Hugh Ross notes that Fox had in his library some of the books of Jacob Boehme, the German mystic who died in the year Fox was born, 1624, and Ross includes a passage from Boehme's 'The Way to Christ' 

'When you stand still from the thinking of self; when both your intellect and will are quiet, and passive to the impressions of the eternal world and spirit; and when your soul is winged up, and above that which is temporal, the outward senses and the imagination -being locked up in holy abstraction - then the eternal hearing, seeing and speaking will be revealed to you... so God hears and "sees through you", being now the organ of his spirit... Blessed are you, therefore, if you stand still, and still the wheel of your imagination and senses. Forasmuch as hereby you may arrive at length to see all manner of divine sensations and heavenly communications'.  

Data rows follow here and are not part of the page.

(* Let $G$ be a graph on $n$ vertices with $\mu(G)<\delta(G)$. Then $n\ge 2\delta(G)-3$. If moreover $n=2\delta(G)-3$, then $\mu(G)=\delta(G)-1$.
   Context: All graphs are finite and simple; $\delta(G)$ is the minimum degree. For a graph $G=(V,E)$ on $n$ vertices, a fractional vertex cover is a function $f:V\to[0,\infty)$ with $f(u)+f(v)\ge 1$ for every edge $uv\in E$; $\tau^*(G)$ denotes the minimum of $\sum_{v\in V}f(v)$ over all fractional vertex covers. For $E'\subseteq E$ let $G-E'=(V,E\setminus E')$. Define $\mu(G)=\min\{|E'| : E'\subseteq E,\ \tau^*(G-E')<n/2\}$. *)

theory Defs
  imports Complex_Main
begin

definition graph :: "'a set \<Rightarrow> 'a set set \<Rightarrow> bool" where
  "graph V E \<longleftrightarrow> finite V \<and> (\<forall>e\<in>E. e \<subseteq> V \<and> card e = 2)"

definition degree :: "'a set set \<Rightarrow> 'a \<Rightarrow> nat" where
  "degree E v = card {e \<in> E. v \<in> e}"

text \<open>Minimum degree (meaningful for nonempty V).\<close>
definition min_degree :: "'a set \<Rightarrow> 'a set set \<Rightarrow> nat" where
  "min_degree V E = Min (degree E ` V)"

definition frac_vertex_cover :: "'a set \<Rightarrow> 'a set set \<Rightarrow> ('a \<Rightarrow> real) \<Rightarrow> bool" where
  "frac_vertex_cover V E f \<longleftrightarrow>
     (\<forall>v\<in>V. f v \<ge> 0) \<and> (\<forall>u v. {u, v} \<in> E \<longrightarrow> f u + f v \<ge> 1)"

text \<open>Fractional vertex cover number (the minimum exists by LP theory; we take the infimum).\<close>
definition tau_star :: "'a set \<Rightarrow> 'a set set \<Rightarrow> real" where
  "tau_star V E = Inf {(\<Sum>v\<in>V. f v) | f. frac_vertex_cover V E f}"

definition mu :: "'a set \<Rightarrow> 'a set set \<Rightarrow> nat" where
  "mu V E = (LEAST k. \<exists>E'. E' \<subseteq> E \<and> card E' = k \<and> tau_star V (E - E') < real (card V) / 2)"

end

theory Submission
  imports Defs
begin

text \<open>
  Delete a set \<open>E'\<close> of \<open>\<mu>(G)\<close> edges so that \<open>G - E'\<close> has a fractional vertex cover \<open>f\<close> of
  total weight below \<open>n/2\<close>. Then for some \<open>y \<ge> 1/2\<close> there are more light vertices
  (\<open>f < 1 - y\<close>) than heavy ones (\<open>f > y\<close>): otherwise every vertex below \<open>1/2\<close> could be
  paired with a distinct vertex at least as far above \<open>1/2\<close>, and the total weight would be at
  least \<open>n/2\<close>. Every remaining edge at a light vertex ends in a heavy vertex, so with \<open>s\<close> light
  and \<open>t < s\<close> heavy vertices each light vertex lies on at least \<open>\<delta> - t\<close> deleted edges.
  Counting these edges gives \<open>s(\<delta> - t) \<le> 2\<mu>\<close> and \<open>s(\<delta> - t) \<le> \<mu> + s(s - 1)/2\<close>, which
  together with \<open>\<mu> < \<delta>\<close> force \<open>s + t \<ge> 2\<delta> - 3\<close>, with equality only if \<open>\<mu> = \<delta> - 1\<close>.
\<close>

lemma sum_nonneg_if_lower_tails_le_upper_tails:
  fixes g :: "'a \<Rightarrow> real"
  assumes "finite V"
    and "\<And>x. 0 \<le> x \<Longrightarrow> card {v\<in>V. g v < -x} \<le> card {v\<in>V. x < g v}"
  shows "0 \<le> sum g V"
  using assms
proof (induction "card V" arbitrary: V rule: less_induct)
  case less
  note tails = less.prems(2)
  show ?case
  proof (cases "\<forall>v\<in>V. 0 \<le> g v")
    case True
    then show ?thesis by (simp add: sum_nonneg)
  next
    case False
    then have "V \<noteq> {}" by blast
    define a where "a = arg_min_on g V"
    have a: "a \<in> V" "\<And>v. v \<in> V \<Longrightarrow> g a \<le> g v"
      using arg_min_if_finite[OF less.prems(1) \<open>V \<noteq> {}\<close>, of g] unfolding a_def by force+
    have "g a < 0" using False a(2) by force
    have "\<exists>b\<in>V. - g a \<le> g b"
    proof (rule ccontr)
      assume "\<not> (\<exists>b\<in>V. - g a \<le> g b)"
      define x where "x = Max (insert 0 (g ` V))"
      have "0 \<le> x" "x < - g a"
        using less.prems(1) \<open>g a < 0\<close> \<open>\<not> (\<exists>b\<in>V. - g a \<le> g b)\<close>
        by (auto simp: x_def not_le)
      have "{v\<in>V. x < g v} = {}" using less.prems(1) by (auto simp: x_def)
      moreover have "0 < card {v\<in>V. g v < -x}"
        using a(1) \<open>x < - g a\<close> less.prems(1) by (auto simp: card_gt_0_iff)
      ultimately show False using tails[OF \<open>0 \<le> x\<close>] by (metis card.empty le_zero_eq not_gr0)
    qed
    then obtain b where b: "b \<in> V" "- g a \<le> g b" by blast
    define W where "W = V - {a, b}"
    have "a \<noteq> b" using b(2) \<open>g a < 0\<close> by auto
    have "card W < card V"
      unfolding W_def using a(1) b(1) less.prems(1) by (metis Diff_insert2 card_Diff2_less)
    moreover have "finite W" using less.prems(1) by (simp add: W_def)
    moreover have "card {v\<in>W. g v < -x} \<le> card {v\<in>W. x < g v}" if "0 \<le> x" for x
    proof (cases "x < - g a")
      case True
      have "{v\<in>W. g v < -x} = {v\<in>V. g v < -x} - {a}" "a \<in> {v\<in>V. g v < -x}"
        "{v\<in>W. x < g v} = {v\<in>V. x < g v} - {b}" "b \<in> {v\<in>V. x < g v}"
        using a(1) b \<open>g a < 0\<close> \<open>0 \<le> x\<close> True by (auto simp: W_def)
      then show ?thesis using tails[OF \<open>0 \<le> x\<close>] less.prems(1) by simp
    next
      case False
      then have "{v\<in>W. g v < -x} = {}" using a(2) by (force simp: W_def)
      then show ?thesis by (metis card.empty zero_le)
    qed
    ultimately have "0 \<le> sum g W" by (rule less.hyps)
    moreover have "sum g V = g a + g b + sum g W"
      using less.prems(1) a(1) b(1) \<open>a \<noteq> b\<close> sum.remove[of V a g] sum.remove[of "V - {a}" b g]
      by (simp add: W_def flip: Diff_insert2)
    ultimately show ?thesis using b(2) by simp
  qed
qed

lemma ex_threshold_light_gt_heavy:
  fixes f :: "'a \<Rightarrow> real"
  assumes "finite V" and "sum f V < card V / 2"
  shows "\<exists>y\<ge>1/2. card {v\<in>V. y < f v} < card {v\<in>V. f v < 1 - y}"
proof (rule ccontr)
  assume no_threshold: "\<not> ?thesis"
  have "card {v\<in>V. f v - 1/2 < -x} \<le> card {v\<in>V. x < f v - 1/2}" if "0 \<le> x" for x
  proof -
    have "1/2 \<le> 1/2 + x" using that by simp
    then have "\<not> card {v\<in>V. 1/2 + x < f v} < card {v\<in>V. f v < 1 - (1/2 + x)}"
      using no_threshold by blast
    moreover have "{v\<in>V. f v - 1/2 < -x} = {v\<in>V. f v < 1 - (1/2 + x)}"
      and "{v\<in>V. x < f v - 1/2} = {v\<in>V. 1/2 + x < f v}" by auto
    ultimately show ?thesis by (simp only: not_less)
  qed
  then have "0 \<le> (\<Sum>v\<in>V. f v - 1/2)"
    by (rule sum_nonneg_if_lower_tails_le_upper_tails[OF \<open>finite V\<close>])
  then show False using assms(2) by (simp add: sum_subtractf)
qed

lemma graph_finite_edges: "graph V E \<Longrightarrow> finite E"
  unfolding graph_def by (meson Pow_iff finite_Pow_iff finite_subset subsetI)

lemma graph_subset_edges: "graph V E \<Longrightarrow> E' \<subseteq> E \<Longrightarrow> graph V E'"
  unfolding graph_def by blast

lemma tau_star_no_edges: "tau_star V {} = 0"
  unfolding tau_star_def
  by (rule cInf_eq_minimum) (auto simp: frac_vertex_cover_def intro: exI[of _ "\<lambda>_. 0"] sum_nonneg)

lemma mu_witness:
  assumes "finite V" and "V \<noteq> {}"
  shows "\<exists>E'\<subseteq>E. card E' = mu V E \<and> tau_star V (E - E') < card V / 2"
proof -
  have "tau_star V (E - E) < card V / 2"
    using assms by (simp add: tau_star_no_edges card_gt_0_iff)
  then have "\<exists>k E'. E' \<subseteq> E \<and> card E' = k \<and> tau_star V (E - E') < card V / 2" by blast
  from LeastI_ex[OF this] show ?thesis unfolding mu_def by blast
qed

lemma ex_frac_vertex_cover_sum_less:
  assumes "tau_star V E < c"
  shows "\<exists>f. frac_vertex_cover V E f \<and> sum f V < c"
proof -
  have "frac_vertex_cover V E (\<lambda>_. 1)" by (simp add: frac_vertex_cover_def)
  then have "{sum f V | f. frac_vertex_cover V E f} \<noteq> {}" by blast
  from cInf_lessD[OF this] show ?thesis using assms unfolding tau_star_def by blast
qed

lemma degree_diff_add:
  assumes "finite E" and "E' \<subseteq> E"
  shows "degree E v = degree (E - E') v + degree E' v"
proof -
  have "{e\<in>E. v \<in> e} = {e\<in>E - E'. v \<in> e} \<union> {e\<in>E'. v \<in> e}" using assms(2) by blast
  then show ?thesis
    unfolding degree_def using assms by (simp add: card_Un_disjoint finite_subset Int_def)
qed

lemma degree_le_card_heavy:
  assumes "graph V E" and "frac_vertex_cover V E f" and "f v < 1 - y"
  shows "degree E v \<le> card {w\<in>V. y < f w}"
proof -
  have "{e\<in>E. v \<in> e} \<subseteq> (\<lambda>w. {v, w}) ` {w\<in>V. y < f w}"
  proof
    fix e assume e: "e \<in> {e\<in>E. v \<in> e}"
    then have "card e = 2" using assms(1) by (simp add: graph_def)
    then obtain w where w: "e = {v, w}"
      using e by (force simp: card_2_iff insert_commute)
    then have "w \<in> V" "1 \<le> f v + f w"
      using assms(1,2) e by (auto simp: graph_def frac_vertex_cover_def)
    then show "e \<in> (\<lambda>w. {v, w}) ` {w\<in>V. y < f w}" using w assms(3) by auto
  qed
  then have "degree E v \<le> card ((\<lambda>w. {v, w}) ` {w\<in>V. y < f w})"
    unfolding degree_def using assms(1) by (intro card_mono) (auto simp: graph_def)
  also have "\<dots> \<le> card {w\<in>V. y < f w}" by (rule card_image_le) (use assms(1) in \<open>simp add: graph_def\<close>)
  finally show ?thesis .
qed

lemma sum_degree_eq_sum_card_inter:
  assumes "finite E" and "finite S"
  shows "(\<Sum>v\<in>S. degree E v) = (\<Sum>e\<in>E. card (e \<inter> S))"
proof -
  have "(\<Sum>v\<in>S. degree E v) = (\<Sum>v\<in>S. \<Sum>e\<in>E. if v \<in> e then 1 else 0)"
    unfolding degree_def using assms by (simp add: sum.inter_filter[symmetric])
  also have "\<dots> = (\<Sum>e\<in>E. \<Sum>v\<in>S. if v \<in> e then 1 else 0)" by (rule sum.swap)
  also have "\<dots> = (\<Sum>e\<in>E. card (e \<inter> S))"
    using assms by (simp add: sum.inter_filter[symmetric] Int_def conj_commute)
  finally show ?thesis .
qed

lemma sum_degree_le_twice_card_edges:
  assumes "graph V E" and "finite S"
  shows "(\<Sum>v\<in>S. degree E v) \<le> 2 * card E"
proof -
  have "card (e \<inter> S) \<le> 2" if "e \<in> E" for e
    using assms(1) that card_mono[of e "e \<inter> S"] by (force simp: graph_def card_2_iff)
  then have "(\<Sum>e\<in>E. card (e \<inter> S)) \<le> (\<Sum>e\<in>E. 2)" by (rule sum_mono)
  then show ?thesis
    using assms by (simp add: sum_degree_eq_sum_card_inter graph_finite_edges)
qed

lemma sum_degree_le_card_edges_add_choose:
  assumes "graph V E" and "finite S"
  shows "(\<Sum>v\<in>S. degree E v) \<le> card E + (card S choose 2)"
proof -
  have finE: "finite E" using assms(1) by (rule graph_finite_edges)
  have "card (e \<inter> S) \<le> 1 + (if e \<subseteq> S then 1 else 0)" if "e \<in> E" for e
  proof -
    have "card e = 2" "finite e" using assms(1) that by (auto simp: graph_def card_2_iff)
    then show ?thesis using psubset_card_mono[of e "e \<inter> S"] card_mono[of e "e \<inter> S"] by force
  qed
  then have "(\<Sum>e\<in>E. card (e \<inter> S)) \<le> (\<Sum>e\<in>E. 1 + (if e \<subseteq> S then 1 else 0))" by (rule sum_mono)
  also have "\<dots> = card E + card {e\<in>E. e \<subseteq> S}"
    using finE by (simp only: sum.distrib) (simp add: sum.inter_filter[symmetric])
  also have "card {e\<in>E. e \<subseteq> S} \<le> card {A. A \<subseteq> S \<and> card A = 2}"
    using assms by (intro card_mono) (auto simp: graph_def)
  also have "\<dots> = card S choose 2" using assms(2) by (rule n_subsets)
  finally show ?thesis using finE assms(2) by (simp add: sum_degree_eq_sum_card_inter)
qed

text \<open>The second bound is \<open>s(\<delta> - t) \<le> |E'| + s(s - 1)/2\<close>, stated without subtraction or division.\<close>
lemma light_vertices_degree_bounds:
  assumes "graph V E" and "E' \<subseteq> E" and "frac_vertex_cover V (E - E') f"
    and "S \<subseteq> {v\<in>V. f v < 1 - y}"
  defines "t \<equiv> card {w\<in>V. y < f w}"
  shows "card S * min_degree V E \<le> card S * t + 2 * card E'"
    and "2 * (card S * min_degree V E) + card S \<le> 2 * (card S * t) + 2 * card E' + card S * card S"
proof -
  have "min_degree V E \<le> t + degree E' v" if "v \<in> S" for v
  proof -
    have "min_degree V E \<le> degree E v"
      using assms(1,4) that by (auto simp: min_degree_def graph_def)
    also have "\<dots> = degree (E - E') v + degree E' v"
      using assms(1,2) by (simp add: degree_diff_add graph_finite_edges)
    also have "degree (E - E') v \<le> t"
      unfolding t_def using assms(1,3,4) that
      by (intro degree_le_card_heavy) (auto intro: graph_subset_edges)
    finally show ?thesis by simp
  qed
  then have "(\<Sum>v\<in>S. min_degree V E) \<le> (\<Sum>v\<in>S. t + degree E' v)" by (rule sum_mono)
  then have removed: "card S * min_degree V E \<le> card S * t + (\<Sum>v\<in>S. degree E' v)"
    by (simp add: sum.distrib)
  have "graph V E'" using assms(1,2) by (rule graph_subset_edges)
  moreover have "finite S" using finite_subset[OF assms(4)] assms(1) by (simp add: graph_def)
  ultimately have "(\<Sum>v\<in>S. degree E' v) \<le> 2 * card E'"
    and "(\<Sum>v\<in>S. degree E' v) \<le> card E' + (card S choose 2)"
    by (rule sum_degree_le_twice_card_edges, rule sum_degree_le_card_edges_add_choose)
  moreover have "2 * (card S choose 2) + card S = card S * card S"
    by (cases "card S") (simp_all add: choose_two)
  ultimately show "card S * min_degree V E \<le> card S * t + 2 * card E'"
    and "2 * (card S * min_degree V E) + card S \<le> 2 * (card S * t) + 2 * card E' + card S * card S"
    using removed by linarith+
qed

When I read this reference to Boehme, I was reminded of the insights I gained recently from reading Richard Rohr's Silent Compassion - Finding God in Contemplation - (see my post by pressing this link). Rohr identifies a 'perennial tradition' within the history of Christianity that emphasizes the need for contemplation as the way to bring the divine alive in one's inner being. Boehme is part of this tradition; so too is Fox; so too are we as we share our Meeting time together. We have an inkling of the truth in Fox's advice to learn silent waiting:

'For none shall ever come to God who is upon the earth, but as they come to that of God in them - the light which Christ has enlightened them with... That which is of God in everyone, is that which brings them to wait upon, to serve God in every particular, which brings them to unity'. 

There is much more of George Fox's wisdom to be found in Hugh Ross's selection and editing of Fox's writings. This library post has been a taster.